In the late nineteenth century there was no-one quite like Benjamin Breckinridge Warfield. A great scholar based at the prestigious Princeton Theological Seminary he was such a staunch defender of traditional, orthodox Christianity that he was given the nickname “Lion of Princeton”. Such was his precision and reputation that many of his works remain in print to this day. In fact there are nineteen volumes of his sitting behind me as I type.
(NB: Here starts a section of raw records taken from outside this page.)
lemma xi_polynomial_le:
  fixes x y :: real
  assumes "0 \<le> x" "0 \<le> y" "x\<^sup>2 \<le> x + y"
  shows "2 * (y * x\<^sup>2) + y + 2 * x ^ 4 + x + x * y + x ^ 3 \<le> 10 * (y + 1) * (x + 1)\<^sup>2"
proof -
  have "x ^ 3 \<le> x\<^sup>2 + x * y"
    using mult_left_mono[OF assms(3) assms(1)] by (simp add: power2_eq_square power3_eq_cube algebra_simps)
  moreover have "x ^ 4 \<le> x ^ 3 + y * x\<^sup>2"
    using mult_left_mono[OF assms(3), of "x\<^sup>2"]
    by (simp add: power2_eq_square power3_eq_cube eval_nat_numeral algebra_simps)
  moreover have "10 * (y + 1) * (x + 1)\<^sup>2 = 10 * (y * x\<^sup>2) + 20 * (x * y) + 10 * y + 10 * x\<^sup>2 + 20 * x + 10"
    by (simp add: power2_eq_square algebra_simps)
  moreover have "0 \<le> x * y" "0 \<le> y * x\<^sup>2" "0 \<le> x\<^sup>2"
    using assms by auto
  ultimately show ?thesis
    using assms by linarith
qed

lemma normalized_xi_le:
  fixes m x y u1 u2 u3 u4 u5 :: real
  assumes "m > 0" "0 \<le> x" "0 \<le> y" "x\<^sup>2 \<le> x + y"
    and "u1 \<le> y" "0 \<le> u2" "u2 \<le> x\<^sup>2" "u4 \<le> y * x" "u5 \<le> y * x\<^sup>2 / m"
  shows "u5 + (u1 + u2\<^sup>2 + u3 + u4 * x + u2 * x\<^sup>2 + x + y * x + x ^ 3) / m
    \<le> 10 * (y + 1) * (x + 1)\<^sup>2 / m + u3 / m"
proof -
  have "u2\<^sup>2 \<le> (x\<^sup>2)\<^sup>2" "u2 * x\<^sup>2 \<le> x\<^sup>2 * x\<^sup>2"
    using assms(6,7) by (intro power_mono mult_right_mono; simp)+
  moreover have "u4 * x \<le> y * x * x"
    using assms(2,8) by (intro mult_right_mono)
  ultimately have "u1 + u2\<^sup>2 + u3 + u4 * x + u2 * x\<^sup>2 + x + y * x + x ^ 3
      \<le> y + (x\<^sup>2)\<^sup>2 + u3 + y * x * x + x\<^sup>2 * x\<^sup>2 + x + y * x + x ^ 3"
    using assms(5) by linarith
  then have "(u1 + u2\<^sup>2 + u3 + u4 * x + u2 * x\<^sup>2 + x + y * x + x ^ 3) / m
      \<le> (y + (x\<^sup>2)\<^sup>2 + u3 + y * x * x + x\<^sup>2 * x\<^sup>2 + x + y * x + x ^ 3) / m"
    using assms(1) by (intro divide_right_mono) auto
  then have "u5 + (u1 + u2\<^sup>2 + u3 + u4 * x + u2 * x\<^sup>2 + x + y * x + x ^ 3) / m
      \<le> y * x\<^sup>2 / m + (y + (x\<^sup>2)\<^sup>2 + u3 + y * x * x + x\<^sup>2 * x\<^sup>2 + x + y * x + x ^ 3) / m"
    using assms(9) by linarith
  also have "\<dots> = (2 * (y * x\<^sup>2) + y + 2 * x ^ 4 + x + x * y + x ^ 3) / m + u3 / m"
    using assms(1) by (simp add: field_simps power2_eq_square eval_nat_numeral)
  also have "\<dots> \<le> 10 * (y + 1) * (x + 1)\<^sup>2 / m + u3 / m"
    using xi_polynomial_le[OF assms(2-4)] assms(1) by (intro add_mono divide_right_mono) auto
  finally show ?thesis .
qed

lemma xi_le:
  assumes "degseq n d"
  shows "xi n d \<le> 10 * ((Mk n d 3 + Mk n d 1) * (Mk n d 2 + Mk n d 1)\<^sup>2 / (Mk n d 1) ^ 4)
    + Mk n d 4 * Mk n d 3 * Mk n d 2 / (Mk n d 1) ^ 5"
proof -
  define m where "m = Mk n d 1"
  define x where "x = Mk n d 2 / m"
  define y where "y = Mk n d 3 / m"
  have m: "m > 0"
    unfolding m_def by (rule Mk_1_pos[OF assms])
  have xy: "0 \<le> x" "0 \<le> y"
    unfolding x_def y_def using m Mk_nonneg by auto
  have "x\<^sup>2 \<le> x + y"
    using Mk_2_sq_le[of n d] m unfolding x_def y_def m_def
    by (simp add: field_simps power2_eq_square)
  moreover have "U1 n d \<le> y"
    using U1_le m unfolding y_def m_def by blast
  moreover have "0 \<le> U2 n d" "U2 n d \<le> x\<^sup>2"
    using U2_nonneg U2_le m unfolding x_def m_def by (auto simp: power2_eq_square)
  moreover have "U4 n d \<le> y * x"
    using U4_le m unfolding x_def y_def m_def by (simp add: power2_eq_square)
  moreover have "Mk n d 3 * Mk n d 2 * (Mk n d 2 / m ^ 4) = y * x\<^sup>2 / m"
    using m unfolding x_def y_def by (simp add: field_simps power2_eq_square eval_nat_numeral)
  then have "U5 n d \<le> y * x\<^sup>2 / m"
    using U5_le[of n d] m unfolding m_def by simp
  ultimately have "xi n d \<le> 10 * (y + 1) * (x + 1)\<^sup>2 / m + U3 n d / m"
    using normalized_xi_le[OF m xy] m
    unfolding xi_eq_normalized[of n d, folded m_def, folded x_def y_def, OF m[THEN less_imp_neq, symmetric]]
    by blast
  also have "\<dots> \<le> 10 * (y + 1) * (x + 1)\<^sup>2 / m + Mk n d 4 * Mk n d 3 * Mk n d 2 / m ^ 4 / m"
    using U3_le[of n d] m unfolding m_def by (intro add_mono divide_right_mono) (auto simp: mult_ac)
  also have "\<dots> = 10 * ((Mk n d 3 + m) * (Mk n d 2 + m)\<^sup>2 / m ^ 4) + Mk n d 4 * Mk n d 3 * Mk n d 2 / m ^ 5"
    using m unfolding x_def y_def by (simp add: field_simps power2_eq_square eval_nat_numeral)
  finally show ?thesis unfolding m_def .
qed

lemma fourth_moment_term_le_of_max_degree:
  assumes "degseq n d" and "real (d 1) \<le> K * sqrt (Mk n d 1)"
  shows "Mk n d 4 * Mk n d 3 * Mk n d 2 / (Mk n d 1) ^ 5
    \<le> K\<^sup>2 * ((Mk n d 3 + Mk n d 1) * (Mk n d 2 + Mk n d 1)\<^sup>2 / (Mk n d 1) ^ 4)"
proof -
  define m where "m = Mk n d 1"
  have m: "m > 0"
    unfolding m_def by (rule Mk_1_pos[OF assms(1)])
  have M2: "0 \<le> Mk n d 2" and M3: "0 \<le> Mk n d 3"
    by (rule Mk_nonneg)+
  have "(real (d 1))\<^sup>2 \<le> (K * sqrt m)\<^sup>2"
    using assms(2) unfolding m_def by (intro power_mono) auto
  then have "(real (d 1))\<^sup>2 \<le> K\<^sup>2 * m"
    using m by (simp add: power_mult_distrib)
  moreover have "Mk n d 4 \<le> (real (d 1))\<^sup>2 * Mk n d 2"
    using assms(1) unfolding degseq_def by (intro Mk_4_le_max_degree) auto
  ultimately have "Mk n d 4 \<le> K\<^sup>2 * m * Mk n d 2"
    using M2 by (meson mult_right_mono order_trans)
  then have "Mk n d 4 * (Mk n d 3 * Mk n d 2) / m ^ 5 \<le> K\<^sup>2 * m * Mk n d 2 * (Mk n d 3 * Mk n d 2) / m ^ 5"
    using m M2 M3 by (intro divide_right_mono mult_right_mono) auto
  also have "\<dots> = K\<^sup>2 * (Mk n d 3 * (Mk n d 2)\<^sup>2 / m ^ 4)"
    using m by (simp add: field_simps power2_eq_square eval_nat_numeral)
  also have "\<dots> \<le> K\<^sup>2 * ((Mk n d 3 + m) * (Mk n d 2 + m)\<^sup>2 / m ^ 4)"
    using m M2 M3 by (intro mult_left_mono divide_right_mono mult_mono power_mono) auto
  finally show ?thesis
    unfolding m_def by (simp add: mult.assoc)
qed

theorem corollary4p1:
  shows "(\<exists>C>0. \<forall>n d. degseq n d \<longrightarrow>
            xi n d \<le> C * ((Mk n d 3 + Mk n d 1) * (Mk n d 2 + Mk n d 1)^2 / (Mk n d 1)^4
                        + Mk n d 4 * Mk n d 3 * Mk n d 2 / (Mk n d 1)^5))
       \<and> (\<forall>K. \<exists>C>0. \<forall>n d. degseq n d \<longrightarrow> real (d 1) \<le> K * sqrt (Mk n d 1) \<longrightarrow>
            xi n d \<le> C * ((Mk n d 3 + Mk n d 1) * (Mk n d 2 + Mk n d 1)^2 / (Mk n d 1)^4))"
proof (intro conjI allI)
  show "\<exists>C>0. \<forall>n d. degseq n d \<longrightarrow>
            xi n d \<le> C * ((Mk n d 3 + Mk n d 1) * (Mk n d 2 + Mk n d 1)^2 / (Mk n d 1)^4
                        + Mk n d 4 * Mk n d 3 * Mk n d 2 / (Mk n d 1)^5)"
  proof (intro exI[of _ 10] conjI allI impI)
    fix n d assume "degseq n d"
    moreover have "0 \<le> Mk n d 4 * Mk n d 3 * Mk n d 2 / (Mk n d 1)^5"
      by (simp add: Mk_nonneg)
    ultimately show "xi n d \<le> 10 * ((Mk n d 3 + Mk n d 1) * (Mk n d 2 + Mk n d 1)^2 / (Mk n d 1)^4
                        + Mk n d 4 * Mk n d 3 * Mk n d 2 / (Mk n d 1)^5)"
      using xi_le[of n d] unfolding distrib_left by linarith
  qed simp
next
  fix K :: real
  show "\<exists>C>0. \<forall>n d. degseq n d \<longrightarrow> real (d 1) \<le> K * sqrt (Mk n d 1) \<longrightarrow>
            xi n d \<le> C * ((Mk n d 3 + Mk n d 1) * (Mk n d 2 + Mk n d 1)^2 / (Mk n d 1)^4)"
  proof (intro exI[of _ "10 + K\<^sup>2"] conjI allI impI)
    fix n d assume "degseq n d" "real (d 1) \<le> K * sqrt (Mk n d 1)"
    from xi_le[OF this(1)] fourth_moment_term_le_of_max_degree[OF this]
    show "xi n d \<le> (10 + K\<^sup>2) * ((Mk n d 3 + Mk n d 1) * (Mk n d 2 + Mk n d 1)^2 / (Mk n d 1)^4)"
      unfolding distrib_right by linarith
  qed (simp add: add_pos_nonneg)
qed

end
(* Let $\mathbf{D}^*=[\mathbf{d}^*_1,\dots,\mathbf{d}^*_n]\in\mathbb{R}^{d\times n}$ be column-orthogonal and let $\mathbf{x}=\mathbf{D}^*\boldsymbol{\beta}$, where $\boldsymbol{\beta}\in\mathbb{R}^n$ has support $S^*$ with $|S^*|=k$ and non-zero entries satisfying $\gamma\le|\beta_i|\le\Gamma$ for $0<\gamma\le\Gamma$. Let $\rho>0$ with $2\rho<\frac{\gamma}{4\sqrt{k}\Gamma}$. Then for any $\mathbf{D}=[\mathbf{d}_1,\dots,\mathbf{d}_n]\in\mathbb{R}^{d\times n}$ with $\|\mathbf{D}-\mathbf{D}^*\|_{1,2}\le2\rho$, $$S=\arg\max_{T\subseteq[n],|T|\le k}\sum_{i\in T}|\langle\mathbf{d}_i,\mathbf{x}\rangle|=S^*.$$
   Context: Column-orthogonal means $\mathbf{A}^\top\mathbf{A}=\mathbf{I}$; $\|\mathbf{A}\|_{1,2}$ is the maximum Euclidean norm of the columns of $\mathbf{A}$. *)

theory Defs
  imports "HOL-Analysis.Analysis"
begin

text \<open>A d x n real matrix is \<open>real^'n^'d\<close>; its i-th column is \<open>column i A\<close>.\<close>

definition col_orthogonal :: "real^'n^'d \<Rightarrow> bool" where
  "col_orthogonal A \<longleftrightarrow> transpose A ** A = mat 1"

definition norm12 :: "real^'n^'d \<Rightarrow> real" where
  "norm12 A = Max (range (\<lambda>i. norm (column i A)))"

definition supp_vec :: "real^'n \<Rightarrow> 'n set" where
  "supp_vec b = {i. b $ i \<noteq> 0}"

definition argmax_sets :: "real^'n^'d \<Rightarrow> real^'d \<Rightarrow> nat \<Rightarrow> 'n set set" where
  "argmax_sets D x k =
     {T. card T \<le> k \<and>
         (\<forall>T'. card T' \<le> k \<longrightarrow>
            (\<Sum>i\<in>T'. \<bar>column i D \<bullet> x\<bar>) \<le> (\<Sum>i\<in>T. \<bar>column i D \<bullet> x\<bar>))}"

end

theory Submission
  imports Defs
begin

text \<open>Column-orthogonality gives \<open>\<langle>d\<^sup>*\<^sub>i, x\<rangle> = \<beta>\<^sub>i\<close> and \<open>\<parallel>x\<parallel> = \<parallel>\<beta>\<parallel> \<le> \<surd>k \<Gamma>\<close>, so by Cauchy-Schwarz every
  correlation \<open>\<langle>d\<^sub>i, x\<rangle>\<close> is within \<open>2\<rho>\<surd>k \<Gamma> < \<gamma>/4\<close> of \<open>\<beta>\<^sub>i\<close>. Hence \<open>|\<langle>d\<^sub>i, x\<rangle>|\<close> exceeds \<open>\<gamma>/4\<close> exactly on
  the support \<open>S\<^sup>*\<close>, and a set of at most \<open>k\<close> indices other than \<open>S\<^sup>*\<close> trades some index of \<open>S\<^sup>*\<close>
  for at most as many indices outside it, strictly losing weight.\<close>

lemma column_diff: "column i (A - B) = column i A - column i (B::'a::ab_group_add^'n^'m)"
  by (simp add: column_def vec_eq_iff)

lemma norm_column_le_norm12: "norm (column i A) \<le> norm12 A"
  unfolding norm12_def by (rule Max_ge) auto

lemma inner_column_diff_le_norm12:
  "\<bar>column i D \<bullet> x - column i D' \<bullet> x\<bar> \<le> norm12 (D - D') * norm x"
proof -
  have "\<bar>column i D \<bullet> x - column i D' \<bullet> x\<bar> = \<bar>column i (D - D') \<bullet> x\<bar>"
    by (simp add: column_diff inner_diff_left)
  also have "\<dots> \<le> norm (column i (D - D')) * norm x"
    by (rule Cauchy_Schwarz_ineq2)
  also have "\<dots> \<le> norm12 (D - D') * norm x"
    by (simp add: mult_right_mono norm_column_le_norm12)
  finally show ?thesis .
qed

lemma col_orthogonal_transpose_mult:
  assumes "col_orthogonal A"
  shows "transpose A *v (A *v b) = b"
  using assms by (simp add: col_orthogonal_def matrix_vector_mul_assoc)

lemma col_orthogonal_inner_column:
  assumes "col_orthogonal A"
  shows "column i A \<bullet> (A *v b) = b $ i"
proof -
  have "column i A \<bullet> (A *v b) = (transpose A *v (A *v b)) $ i"
    by (simp add: matrix_vector_mult_def column_def transpose_def inner_vec_def mult.commute)
  then show ?thesis
    using col_orthogonal_transpose_mult[OF assms] by simp
qed

lemma col_orthogonal_norm:
  assumes "col_orthogonal A"
  shows "norm (A *v b) = norm b"
proof -
  have "(A *v b) \<bullet> (A *v b) = (b v* transpose A) \<bullet> (A *v b)"
    by simp
  also have "\<dots> = b \<bullet> b"
    by (simp only: dot_lmul_matrix col_orthogonal_transpose_mult[OF assms])
  finally show ?thesis
    by (simp add: norm_eq_sqrt_inner)
qed

lemma norm_le_sqrt_card_supp_vec:
  fixes b :: "real^'n::finite"
  assumes "0 \<le> \<Gamma>" and "\<forall>i\<in>supp_vec b. \<bar>b $ i\<bar> \<le> \<Gamma>"
  shows "norm b \<le> sqrt (card (supp_vec b)) * \<Gamma>"
proof -
  have "b \<bullet> b = (\<Sum>i\<in>supp_vec b. (b $ i)\<^sup>2)"
    unfolding inner_vec_def inner_real_def power2_eq_square
    by (rule sum.mono_neutral_right) (auto simp: supp_vec_def)
  also have "\<dots> \<le> (\<Sum>i\<in>supp_vec b. \<Gamma>\<^sup>2)"
    by (intro sum_mono) (metis assms power2_abs abs_ge_zero power_mono)
  also have "\<dots> = (sqrt (card (supp_vec b)) * \<Gamma>)\<^sup>2"
    by (simp add: power_mult_distrib)
  finally show ?thesis
    using assms(1) by (simp add: norm_eq_sqrt_inner real_le_lsqrt)
qed

lemma sum_less_sum_threshold:
  fixes a :: "'a \<Rightarrow> real"
  assumes "finite S" "finite T" "card T \<le> card S" "T \<noteq> S" "0 \<le> c"
    and above: "\<And>i. i \<in> S \<Longrightarrow> c < a i" and below: "\<And>i. i \<notin> S \<Longrightarrow> a i \<le> c"
  shows "sum a T < sum a S"
proof -
  have "\<not> S \<subseteq> T"
    using assms(2-4) card_seteq by blast
  then have "S - T \<noteq> {}"
    by blast
  have card_le: "card (T - S) \<le> card (S - T)"
    using assms(1-3) by (simp add: card_Diff_subset_Int Int_commute card_mono)
  have "sum a (T - S) \<le> card (T - S) * c"
    using sum_mono[of "T - S" a "\<lambda>_. c"] below by simp
  also have "\<dots> \<le> card (S - T) * c"
    using card_le \<open>0 \<le> c\<close> by (simp add: mult_right_mono)
  also have "\<dots> < sum a (S - T)"
    using sum_strict_mono[of "S - T" "\<lambda>_. c" a] above \<open>S - T \<noteq> {}\<close> assms(1) by simp
  finally have "sum a (T - S) < sum a (S - T)" .
  moreover have "sum a T = sum a (T - S) + sum a (S \<inter> T)"
    and "sum a S = sum a (S - T) + sum a (S \<inter> T)"
    using assms(1,2) by (metis sum.Int_Diff add.commute Int_commute)+
  ultimately show ?thesis
    by linarith
qed

lemma argmax_sets_eq_singleton:
  assumes "card S = k"
    and "\<And>T. card T \<le> k \<Longrightarrow> T \<noteq> S \<Longrightarrow>
           (\<Sum>i\<in>T. \<bar>column i D \<bullet> x\<bar>) < (\<Sum>i\<in>S. \<bar>column i D \<bullet> x\<bar>)"
  shows "argmax_sets D x k = {S}"
  using assms unfolding argmax_sets_def by (fastforce simp: not_less[symmetric])

theorem lemmaC4:
  fixes Dstar D :: "real^'n::finite^'d::finite"
    and \<beta> :: "real^'n" and x :: "real^'d"
    and k :: nat and \<gamma> \<Gamma> \<rho> :: real
  assumes "col_orthogonal Dstar"
    and "x = Dstar *v \<beta>"
    and "card (supp_vec \<beta>) = k"
    and "0 < \<gamma>" and "\<gamma> \<le> \<Gamma>"
    and "\<forall>i\<in>supp_vec \<beta>. \<gamma> \<le> \<bar>\<beta> $ i\<bar> \<and> \<bar>\<beta> $ i\<bar> \<le> \<Gamma>"
    and "0 < \<rho>" and "2 * \<rho> < \<gamma> / (4 * sqrt (real k) * \<Gamma>)"
    and "norm12 (D - Dstar) \<le> 2 * \<rho>"
  shows "argmax_sets D x k = {supp_vec \<beta>}"
proof -
  have "k > 0"
    using assms(7,8) by (cases k) auto
  then have bound: "2 * \<rho> * (sqrt k * \<Gamma>) < \<gamma> / 4"
    using assms(4,5,8) by (simp add: pos_less_divide_eq mult.assoc)
  have "norm x \<le> sqrt k * \<Gamma>"
    using assms(2-6) col_orthogonal_norm[OF assms(1)] norm_le_sqrt_card_supp_vec[of \<Gamma> \<beta>] by auto
  then have "norm12 (D - Dstar) * norm x \<le> 2 * \<rho> * (sqrt k * \<Gamma>)"
    using assms(7,9) by (intro mult_mono) auto
  then have close: "\<bar>column i D \<bullet> x - \<beta> $ i\<bar> < \<gamma> / 4" for i
    using inner_column_diff_le_norm12[of i D x Dstar] bound assms(1,2)
    by (simp add: col_orthogonal_inner_column)
  have "(\<Sum>i\<in>T. \<bar>column i D \<bullet> x\<bar>) < (\<Sum>i\<in>supp_vec \<beta>. \<bar>column i D \<bullet> x\<bar>)"
    if "card T \<le> k" "T \<noteq> supp_vec \<beta>" for T
  proof (rule sum_less_sum_threshold[where c = "\<gamma> / 4"])
    show "\<gamma> / 4 < \<bar>column i D \<bullet> x\<bar>" if "i \<in> supp_vec \<beta>" for i
    proof -
      have "\<gamma> \<le> \<bar>\<beta> $ i\<bar>"
        using assms(6) that by blast
      then show ?thesis
        using close[of i] assms(4) by linarith
    qed
    show "\<bar>column i D \<bullet> x\<bar> \<le> \<gamma> / 4" if "i \<notin> supp_vec \<beta>" for i
      using close[of i] that by (simp add: supp_vec_def)
  qed (use that assms(3,4) in simp_all)
  then show ?thesis
    by (rule argmax_sets_eq_singleton[OF assms(3)])
qed

end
It is easy to think of him as a cold, forbidding figure but if you were to look at his portrait (on my wall, next to the front window) you would find a kindly crinkle around his eye, and his relationship with his wife, Annie, was an everyday feature of life at Princeton. Not long after they had married, they were walking in the Harz mountains in Germany when they were caught up in a tremendous thunderstorm. Such was the shock to her nerves, Annie Warfield did not recover and eventually ended up house-bound. A pupil, J Gresham Machen, wrote:
“I have faint recollections of her walking up and down in front of the house in the early years of my Princeton life but even that diversion has long been denied her. I never spoke to her. Her trouble has been partly nervous, and she has seen hardly anyone except Dr. Warfield, but she remained, they say, until the end a very brilliant woman. Dr. Warfield used to read to her during certain definite hours every day. For many, many years he has never been away from her more than two hours at a time. It has been some ten years since he left Princeton.”
B B Warfield spent many decades tenderly caring for his wife, and when she died almost forty years after the shock the wife of one of his fellow lecturers was heard to comment: “He has only two interests in his life—his work, and Mrs. Warfield, and now that she is gone there may be danger of his using himself up rather quickly”. Such was the love of the “Lion of Princeton”.